### Problem to work on
Please copy exactly the lines from the top of the data through the line containing "A * pair_dist_prod_set B)", and nothing else.

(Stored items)
============================================================

lemma pair_dist_prod_set_mult_le:
  fixes A B :: "int set"
  assumes "finite A" "finite B" "card A = card B" "A \<inter> B = {}"
  shows "pair_dist_prod_set A * pair_dist_prod_set B
           \<le> 4 ^ card A * (\<Prod>x\<in>A. \<Prod>y\<in>B. \<bar>x - y\<bar>)^2"
proof -
  define n where "n = card A"
  obtain a b where a: "bij_betw a {..<n} A" and b: "bij_betw b {..<n} B"
    using ex_bij_betw_nat_finite[OF assms(1)] ex_bij_betw_nat_finite[OF assms(2)]
    by (metis assms(3) atLeast0LessThan n_def)
  then have inj: "inj_on a {..<n}" "inj_on b {..<n}" and img: "a ` {..<n} = A" "b ` {..<n} = B"
    by (simp_all add: bij_betw_def)
  have ab: "a i \<noteq> b j" if "i < n" "j < n" for i j
    using assms(4) img that by blast
  define D where "D = (\<Prod>x\<in>A. \<Prod>y\<in>B. \<bar>x - y\<bar>)"
  have "\<bar>\<Prod>i<n. \<Prod>j<n. real_of_int (a i) - real_of_int (b j)\<bar> = real_of_int D"
    by (simp add: D_def abs_prod flip: img) (simp add: prod.reindex inj)
  then have "(\<Prod>i<n. \<Prod>j<n. real_of_int (a i) - real_of_int (b j))^2 = (real_of_int D)^2"
    by (metis power2_abs)
  then have "real_of_int (pair_dist_prod_set A * pair_dist_prod_set B)
      = (det (cauchy_mat n (\<lambda>i. real_of_int (a i)) (\<lambda>j. real_of_int (b j))))^2 * (real_of_int D)^2"
    using cauchy_det_sq[of n "\<lambda>i. real_of_int (a i)" "\<lambda>j. real_of_int (b j)"] ab
    by (simp add: pair_dist_prod_of_int pair_dist_prod_eq_pair_dist_prod_set inj img)
  also have "\<dots> \<le> 4 ^ n * (real_of_int D)^2"
    using det_cauchy_mat_int_sq_le[OF inj(2)] ab by (intro mult_right_mono) auto
  also have "\<dots> = real_of_int (4 ^ n * D^2)" by simp
  finally show ?thesis unfolding D_def n_def of_int_le_iff .
qed

lemma prod_fact_sq_le_cross_dist_prod:
  fixes A B :: "int set"
  assumes "finite A" "finite B" "card A = card B" "A \<inter> B = {}"
  shows "(\<Prod>m<2 * card A. fact m)^2 \<le> 4 ^ card A * (\<Prod>x\<in>A. \<Prod>y\<in>B. \<bar>x - y\<bar>)^4"
proof -
  let ?D = "\<Prod>x\<in>A. \<Prod>y\<in>B. \<bar>x - y\<bar>"
  have "(\<Prod>m<2 * card A. fact m)^2 \<le> pair_dist_prod_set (A \<union> B)"
    using prod_fact_sq_le_pair_dist_prod_set[of "A \<union> B"] assms by (simp add: card_Un_disjoint mult_2)
  also have "\<dots> = pair_dist_prod_set A * pair_dist_prod_set B * ?D^2"
    using assms by (intro pair_dist_prod_set_Un)
  also have "\<dots> \<le> 4 ^ card A * ?D^2 * ?D^2"
    by (rule mult_right_mono[OF pair_dist_prod_set_mult_le[OF assms]]) simp
  also have "\<dots> = 4 ^ card A * ?D^4"
    by (simp add: power2_eq_square power4_eq_xxxx mult_ac)
  finally show ?thesis .
qed

lemma two_thirds_power_mult_sqrt_le:
  fixes F D :: real
  assumes "0 \<le> F" "0 \<le> D" "F^2 \<le> 4 ^ k * D^4"
  shows "(2/3) ^ k * sqrt F \<le> D"
proof -
  have "(2::real) ^ k * 2 ^ k = 4 ^ k" by (simp flip: power_mult_distrib)
  then have "4 ^ k * D^4 = (2 ^ k * D^2)^2" by (simp add: power2_eq_square power4_eq_xxxx mult_ac)
  then have "F^2 \<le> (2 ^ k * D^2)^2" using assms(3) by simp
  then have "F \<le> 2 ^ k * D^2" by (rule power2_le_imp_le) simp
  moreover have "((2/3) ^ k)^2 = ((4/9) ^ k :: real)" by (simp add: power2_eq_square flip: power_mult_distrib)
  ultimately have "((2/3) ^ k * sqrt F)^2 \<le> (4/9) ^ k * (2 ^ k * D^2)"
    using assms(1) by (simp add: power_mult_distrib)
  also have "(4/9) ^ k * (2 ^ k * D^2) = (8/9) ^ k * D^2"
    by (simp add: mult.assoc flip: power_mult_distrib)
  also have "\<dots> \<le> D^2" by (simp add: power_le_one mult_left_le_one_le)
  finally show ?thesis by (rule power2_le_imp_le) (use assms(2) in simp)
qed

theorem lemma3p2:
  fixes k :: nat and a b :: "nat \<Rightarrow> int"
  assumes "k \<ge> 1"
    and "inj_on a {1..k}" and "inj_on b {1..k}"
    and "a ` {1..k} \<inter> b ` {1..k} = {}"
  shows "real_of_int (\<Prod>i=1..k. \<Prod>j=1..k. \<bar>a i - b j\<bar>)
           \<ge> (2/3) ^ k * sqrt (\<Prod>m=1..2*k-1. fact m)"
proof -
  let ?A = "a ` {1..k}" and ?B = "b ` {1..k}"
  let ?D = "\<Prod>i=1..k. \<Prod>j=1..k. \<bar>a i - b j\<bar>" and ?F = "\<Prod>m<2*k. fact m :: int"
  have card: "card ?A = k" "card ?B = k"
    using assms(2,3) by (simp_all add: card_image)
  have D: "(\<Prod>x\<in>?A. \<Prod>y\<in>?B. \<bar>x - y\<bar>) = ?D"
    using assms(2,3) by (simp add: prod.reindex)
  have "?F^2 \<le> 4 ^ k * ?D^4"
    using prod_fact_sq_le_cross_dist_prod[of ?A ?B, unfolded card D] assms(4) by simp
  then have "real_of_int (?F^2) \<le> real_of_int (4 ^ k * ?D^4)" by (simp only: of_int_le_iff)
  then have "real_of_int ?F ^ 2 \<le> 4 ^ k * real_of_int ?D ^ 4"
    by (simp only: of_int_power of_int_mult of_int_numeral)
  moreover have "0 \<le> real_of_int ?F" "0 \<le> real_of_int ?D"
    by (simp_all only: of_int_0_le_iff) (auto intro!: prod_nonneg)
  ultimately have "(2/3) ^ k * sqrt (real_of_int ?F) \<le> real_of_int ?D"
    using two_thirds_power_mult_sqrt_le by blast
  moreover have "{..<2*k} = insert 0 {1..2*k-1}" using assms(1) by auto
  then have "real_of_int ?F = (\<Prod>m=1..2*k-1. fact m)" by simp
  ultimately show ?thesis by (simp only:)
qed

============================================================

### Finished exercise
lemma pair_dist_prod_set_mult_le:
  fixes A B :: "int set"
  assumes "finite A" "finite B" "card A = card B" "A \<inter> B = {}"
  shows "pair_dist_prod_set A * pair_dist_prod_set B
           \<le> 4 ^ card A * (\<Prod>x\<in>A. \<Prod>y\<in>B. \<bar>x - y\<bar>)^2"
proof -
  define n where "n = card A"
  obtain a b where a: "bij_betw a {..<n} A" and b: "bij_betw b {..<n} B"
    using ex_bij_betw_nat_finite[OF assms(1)] ex_bij_betw_nat_finite[OF assms(2)]
    by (metis assms(3) atLeast0LessThan n_def)
  then have inj: "inj_on a {..<n}" "inj_on b {..<n}" and img: "a ` {..<n} = A" "b ` {..<n} = B"
    by (simp_all add: bij_betw_def)
  have ab: "a i \<noteq> b j" if "i < n" "j < n" for i j
    using assms(4) img that by blast
  define D where "D = (\<Prod>x\<in>A. \<Prod>y\<in>B. \<bar>x - y\<bar>)"
  have "\<bar>\<Prod>i<n. \<Prod>j<n. real_of_int (a i) - real_of_int (b j)\<bar> = real_of_int D"
    by (simp add: D_def abs_prod flip: img) (simp add: prod.reindex inj)
  then have "(\<Prod>i<n. \<Prod>j<n. real_of_int (a i) - real_of_int (b j))^2 = (real_of_int D)^2"
    by (metis power2_abs)
  then have "real_of_int (pair_dist_prod_set A * pair_dist_prod_set B)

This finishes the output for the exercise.